Kofi Nutor: How can Ghana revive the African knowledge economy and political transformation of the past?

Toyin Falola

Today, Ghana has made itself known for creating awe-striking materials that represent a vibrant aesthetic culture by making kente fabrics. Wherever you find kente, you can be certain that it originated in Ghana. That attests to the fact that they have something from which they can exert their intellectual ingenuity to create and derive copyright values. Ghana has produced historians of international repute in Professor Ogot Adu Boahen, among others, and philosophers of global standards in Kwasi Wiredu, Kwame Nkrumah, who doubles as a profound political figure ever produced in the country. There are many other areas where they have also made similar significant contributions to the continent’s knowledge economy. Therefore, it is important at this level for Ghana to revive this culture by being deliberate about its actions. The knowledge used to make kente fabric can also be replicated in other areas of human experience, possibly producing ideas and values that would become global commodities. What would never be in contention is that countries that have made exceptional transformations are deliberate in their engagements; they are conscious about their activities. They do not arrive at their conditions through wishful thinking. Instead, they put their minds to work and encourage discipline among their leaders, which will forever take them on the right trajectory. Barring the global arena being overtaken by economic challenges and ecological problems, Ghana has demonstrated that it can pull important stunts that would lead to its greatness. If they remain steadfast, they can arrive at the expected level of greatness they deserve as a country.

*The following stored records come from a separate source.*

lemma card_div_budget_le:
  fixes S X :: "'a set" and b t :: nat
  assumes "finite X" "S \<subseteq> X" "1 \<le> card X" "1 \<le> b" "1 \<le> t"
  shows "card S * (1 / (real b * real (card X) * (real t)\<^sup>2)) \<le> 1 / (real t)\<^sup>2"
proof -
  have "card S \<le> card X" using assms(1,2) by (rule card_mono)
  then have "card S * (1 / (real b * real (card X) * (real t)\<^sup>2))
      \<le> card X * (1 / (real b * real (card X) * (real t)\<^sup>2))"
    by (intro mult_right_mono) auto
  also have "\<dots> = 1 / (real b * (real t)\<^sup>2)"
    using assms(3) by (simp add: field_simps)
  also have "\<dots> \<le> 1 / (real t)\<^sup>2"
    using assms(4,5) by (intro divide_left_mono) auto
  finally show ?thesis .
qed

lemma max_info_gain_nonneg:
  assumes "finite X"
  shows "0 \<le> max_info_gain k lam X m"
proof -
  let ?h = "\<lambda>A. 1/2 * ln (det (1\<^sub>m (length A) + (1/lam) \<cdot>\<^sub>m gram k A))"
  have fin: "finite {?h A | A. set A \<subseteq> X \<and> length A \<le> m}"
    using finite_lists_length_le[OF assms, of m] by (rule finite_image_set)
  have mem: "?h [] \<in> {?h A | A. set A \<subseteq> X \<and> length A \<le> m}" by (intro CollectI exI[of _ "[]"]) simp
  have z: "?h [] = 0"
    by (subst det_dim_zero) (auto simp: gram_def)
  have "?h [] \<le> Max {?h A | A. set A \<subseteq> X \<and> length A \<le> m}" by (rule Max_ge[OF fin mem])
  then show ?thesis unfolding max_info_gain_def z .
qed

text \<open>Isabelle's sqrt is odd, so only the confidence bound rules out a negative posterior variance.\<close>
lemma nonneg_of_abs_le_mult_sqrt:
  fixes b u v :: real assumes "0 < b" "\<bar>u\<bar> \<le> b * sqrt v"
  shows "0 \<le> v"
proof (rule ccontr)
  assume "\<not> 0 \<le> v"
  then have "b * sqrt v < 0" using assms(1) by (simp add: mult_pos_neg)
  then show False using assms(2) by linarith
qed

theorem mainTheorem5:
  fixes X :: "'a::euclidean_space set"
    and l B R \<delta> :: real
    and f :: "'a \<Rightarrow> real"
    and T Budget t :: nat
    and D :: "('a \<times> real) list"
    and M :: "('a \<Rightarrow> real) measure"
    and sel :: "('a \<Rightarrow> real) \<Rightarrow> 'a"
    and k :: "'a \<Rightarrow> 'a \<Rightarrow> real" and lam \<beta> c p :: real
    and \<Delta> :: "'a \<Rightarrow> real" and S :: "'a set"
  assumes "k = se_kernel l"
    and "lam = 1 + 2 / real T"
    and "\<beta> = B + R * sqrt (2 * (max_info_gain k lam X (length D) + 1 + ln (2 / \<delta>)))"
    and "c = \<beta> * (1 + sqrt (2 * ln (real Budget * real (card X) * (real t)\<^sup>2)))"
    and "p = 1 / (4 * exp 1 * sqrt pi)"
    and "\<Delta> = (\<lambda>x. Max (f ` X) - f x)"
    and "S = {x \<in> X. \<Delta> x > c * post_sd k lam D x}"
    and "finite X" and "X \<noteq> {}" and "l > 0"
    and "B > 0" and "rkhs_norm_le k X f B"
    and "T \<ge> 1" and "Budget \<ge> 1" and "R > 0" and "0 < \<delta>" and "\<delta> < 1"
    and "t \<ge> 1"
    and "set (map fst D) \<subseteq> X"
    and "\<forall>x\<in>X. \<bar>post_mean k lam D x - f x\<bar> \<le> \<beta> * post_sd k lam D x"
    and "is_gp_law X (post_mean k lam D) (\<lambda>x x'. \<beta>\<^sup>2 * post_cov k lam D x x') M"
    and "sel \<in> measurable M (count_space X)"
    and "\<forall>g\<in>space M. sel g \<in> X \<and> (\<forall>x\<in>X. g x \<le> g (sel g))"
  shows "measure M {g \<in> space M. sel g \<in> X - S} \<ge> p - 1 / (real t)\<^sup>2"
proof -
  let ?cov = "post_cov k lam D" and ?sd = "post_sd k lam D"
  have p: "p \<le> exp (-2) / sqrt (2 * pi)"
    using one_div_4_exp_sqrt_pi_le assms(5) by simp
  show ?thesis
  proof (cases "t = 1")
    case True
    have "exp (-2) / sqrt (2 * pi) \<le> 1 / 1"
      using pi_gt3 by (intro frac_le) auto
    with p have "p \<le> 1" by linarith
    then have "p - 1 / (real t)\<^sup>2 \<le> 0" using True by simp
    then show ?thesis
      using measure_nonneg[of M "{g \<in> space M. sel g \<in> X - S}"] by linarith
  next
    case False
    define N where "N = real Budget * real (card X) * (real t)\<^sup>2"
    define s where "s = sqrt (2 * ln N)"
    have X: "1 \<le> card X" using assms(8,9) by (simp add: Suc_le_eq card_gt_0_iff)
    have "2 \<le> t" using False assms(18) by simp
    then have "4 \<le> (real t)\<^sup>2"
      using power_mono[of 2 "real t" 2] by simp
    moreover have "1 \<le> real Budget * real (card X)"
      using assms(14) X by (metis mult_mono' of_nat_1 of_nat_le_iff mult_1_left zero_le_one)
    ultimately have N: "4 \<le> N"
      unfolding N_def using mult_mono[of 1 "real Budget * real (card X)" 4 "(real t)\<^sup>2"] by simp
    have s: "1 \<le> s"
      unfolding s_def using exp_le N by (intro one_le_sqrt_two_ln) linarith
    have "0 \<le> ln (2 / \<delta>)"
      using assms(16,17) by (intro ln_ge_zero) (simp add: field_simps)
    then have "0 \<le> R * sqrt (2 * (max_info_gain k lam X (length D) + 1 + ln (2 / \<delta>)))"
      using assms(15) max_info_gain_nonneg[OF assms(8), of k lam "length D"] by simp
    then have \<beta>: "0 < \<beta>" using assms(3,11) by linarith
    have var: "0 \<le> ?cov x x" if "x \<in> X" for x
      using nonneg_of_abs_le_mult_sqrt[OF \<beta>] assms(20) that unfolding post_sd_def by blast
    have sd: "sqrt (\<beta>\<^sup>2 * ?cov x x) = \<beta> * ?sd x" if "x \<in> X" for x
      using \<beta> var[OF that] by (simp add: post_sd_def real_sqrt_mult)
    have "S = {x \<in> X. (1 + s) * sqrt (\<beta>\<^sup>2 * ?cov x x) < Max (f ` X) - f x}"
      using assms(4,6,7) sd by (auto simp: s_def N_def mult_ac)
    then have "exp (-2) / sqrt (2 * pi) - card S * exp (- s\<^sup>2 / 2) \<le> measure M {g \<in> space M. sel g \<in> X - S}"
      using assms(8,9,20,23) \<beta> var sd s
      by (intro is_gp_law_argmax_unsaturated_ge[OF assms(21) _ _ assms(22)]) auto
    moreover have "exp (- s\<^sup>2 / 2) = 1 / N"
      unfolding s_def using N by (intro exp_neg_half_sqrt_two_ln) linarith
    moreover have "card S * (1 / N) \<le> 1 / (real t)\<^sup>2"
      unfolding N_def using assms(7,8,14,18) X by (intro card_div_budget_le) auto
    ultimately show ?thesis using p by simp
  qed
qed
(* Let $G\subset GL(V)$ be a reflection group and fix $g\in G$. If $\ell(a)=\operatorname{codim}(a)$ for every codimension atom $a$ with $a\le_\perp g$, then $\ell(g)=\operatorname{codim}(g)$.
   Context: $V$ is a finite-dimensional vector space of dimension $n$ over $\mathbb{R}$ or $\mathbb{C}$. A reflection is an element of $GL(V)$ of finite order fixing a hyperplane pointwise; a reflection group is a finite subgroup of $GL(V)$ generated by reflections. $\ell(g)$ is the minimal number of reflections of $G$ whose product is $g$ ($\ell(1)=0$). $\operatorname{codim}(g)=n-\dim\{v\in V:gv=v\}$. The codimension order is the partial order on $G$ given by $a\le_\perp c$ iff $\operatorname{codim}(a)+\operatorname{codim}(a^{-1}c)=\operatorname{codim}(c)$. A codimension atom is an element covering the identity in this poset, i.e. $a\ne 1$ such that there is no $x$ with $1<_\perp x<_\perp a$. *)

theory Defs
  imports "HOL-Analysis.Analysis"
begin

text \<open>V = complex^'n (dimension n = CARD('n)); elements of GL(V) are invertible
 n x n complex matrices acting by (*v). A real reflection group is the special case
 of a group of real matrices.\<close>

type_synonym 'n cmat = "complex ^'n ^'n"

definition fixed_space :: "'n::finite cmat \<Rightarrow> (complex ^'n) set" where
  "fixed_space g = {v. g *v v = v}"

definition codim :: "'n::finite cmat \<Rightarrow> nat" where
  "codim g = CARD('n) - vec.dim (fixed_space g)"

definition has_finite_order :: "'n::finite cmat \<Rightarrow> bool" where
  "has_finite_order g \<longleftrightarrow> (\<exists>k>0. ((\<lambda>x. g ** x) ^^ k) (mat 1) = mat 1)"

definition is_reflection :: "'n::finite cmat \<Rightarrow> bool" where
  "is_reflection g \<longleftrightarrow> invertible g \<and> has_finite_order g \<and> g \<noteq> mat 1 \<and>
     (\<exists>H. vec.subspace H \<and> vec.dim H + 1 = CARD('n) \<and> (\<forall>v\<in>H. g *v v = v))"

inductive_set gen_group :: "'n::finite cmat set \<Rightarrow> 'n cmat set" for S where
  gen_one: "mat 1 \<in> gen_group S"
| gen_base: "s \<in> S \<Longrightarrow> s \<in> gen_group S"
| gen_mult: "a \<in> gen_group S \<Longrightarrow> b \<in> gen_group S \<Longrightarrow> a ** b \<in> gen_group S"
| gen_inv: "a \<in> gen_group S \<Longrightarrow> matrix_inv a \<in> gen_group S"

definition reflections_of :: "'n::finite cmat set \<Rightarrow> 'n cmat set" where
  "reflections_of G = {r \<in> G. is_reflection r}"

definition reflection_group :: "'n::finite cmat set \<Rightarrow> bool" where
  "reflection_group G \<longleftrightarrow> finite G \<and> (\<forall>g\<in>G. invertible g) \<and>
     G = gen_group (reflections_of G)"

definition prod_list_mat :: "'n::finite cmat list \<Rightarrow> 'n cmat" where
  "prod_list_mat rs = foldr (\<lambda>a b. a ** b) rs (mat 1)"

definition refl_length :: "'n::finite cmat set \<Rightarrow> 'n cmat \<Rightarrow> nat" where
  "refl_length G g = (LEAST k. \<exists>rs. length rs = k \<and> set rs \<subseteq> reflections_of G \<and> prod_list_mat rs = g)"

definition codim_le :: "'n::finite cmat \<Rightarrow> 'n cmat \<Rightarrow> bool" where
  "codim_le a c \<longleftrightarrow> codim a + codim (matrix_inv a ** c) = codim c"

definition codim_less :: "'n::finite cmat \<Rightarrow> 'n cmat \<Rightarrow> bool" where
  "codim_less a c \<longleftrightarrow> codim_le a c \<and> a \<noteq> c"

definition codim_atom :: "'n::finite cmat set \<Rightarrow> 'n cmat \<Rightarrow> bool" where
  "codim_atom G a \<longleftrightarrow> a \<in> G \<and> codim_less (mat 1) a \<and>
     \<not> (\<exists>x\<in>G. codim_less (mat 1) x \<and> codim_less x a)"

end

theory Submission
  imports Defs
begin

text \<open>Reflections have codimension at most one and codimension is subadditive, so
  \<open>codim g \<le> \<ell>(g)\<close> always holds. For the converse, induct on \<open>codim g\<close>: if \<open>g \<noteq> 1\<close>, an element
  \<open>a \<noteq> 1\<close> of minimal codimension below \<open>g\<close> is an atom, and \<open>c = a\<^sup>-\<^sup>1 g\<close> satisfies
  \<open>codim c = codim g - codim a\<close> and \<open>c \<le>\<^sub>\<perp> g\<close>, because \<open>c\<^sup>-\<^sup>1 g = g\<^sup>-\<^sup>1 a g\<close> is conjugate to \<open>a\<close>.
  The atoms below \<open>c\<close> lie below \<open>g\<close>, so by induction
  \<open>\<ell>(g) \<le> \<ell>(a) + \<ell>(c) \<le> codim a + codim c = codim g\<close>.\<close>

lemma matrix_inv_inverse:
  fixes A :: "'a::field^'n^'n"
  assumes "invertible A"
  shows matrix_inv_right: "A ** matrix_inv A = mat 1"
    and matrix_inv_left: "matrix_inv A ** A = mat 1"
proof -
  have "A ** matrix_inv A = mat 1 \<and> matrix_inv A ** A = mat 1"
    using assms unfolding invertible_def matrix_inv_def by (rule someI_ex)
  then show "A ** matrix_inv A = mat 1" "matrix_inv A ** A = mat 1" by auto
qed

lemma matrix_inv_unique:
  fixes A B :: "'a::field^'n^'n"
  assumes "A ** B = mat 1"
  shows "matrix_inv A = B"
proof -
  have "invertible A"
    using assms invertible_right_inverse by blast
  have "matrix_inv A = matrix_inv A ** (A ** B)"
    using assms by simp
  also have "\<dots> = B"
    using \<open>invertible A\<close> by (simp add: matrix_mul_assoc matrix_inv_left)
  finally show ?thesis .
qed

Kufor Notur: Are there areas where Ghana can pioneer efforts to advance the continent’s civilization?

Toyin Falola:

Of all the African cultural identities that have ever built sustained civilizations with exceptional records of manpower organizations and resource management, coupled with native technology that helped preserve the people’s civilization and their defense against external predators, Ghana has a profound record. This means that they are actively capable of creating exceptional content needed to enhance their civilization, as that has been done sometimes in the past. The fact remains, for example, that such civilization would always serve as a motivation for something more elaborate and greater than what they have done. What inspires greatness is generally simple. For instance, people are inspired to be great when they are energized by the history of greatness that has been recorded once by their predecessors. They take inspiration from it and consider how they can best incorporate it. Let us consider how they organized their political system to preserve their civilization for centuries. Ghana can therefore begin to reconsider how they would generate the necessary ideas that would be used to build strong political systems that would fit the emerging realities of their area. Western colonialism has brought new systems and, as a result, recalibrated different things that border on the people’s progress. If their evaluation of the inherited systems reveals that they are not functioning to the maximum as a result of the system that they use, it is not illogical to therefore create ones that would fit their political exigencies in the current time. What is needed for a continent-wide transformation is to see some other countries making substantial progress due to the system they built so that others would join the bandwagon and begin to devise ways by which they would be saved from their challenges. If centuries-long dependence on exogenous ideas is not bringing the desired results, taking alternative measures would be good in light of the current development.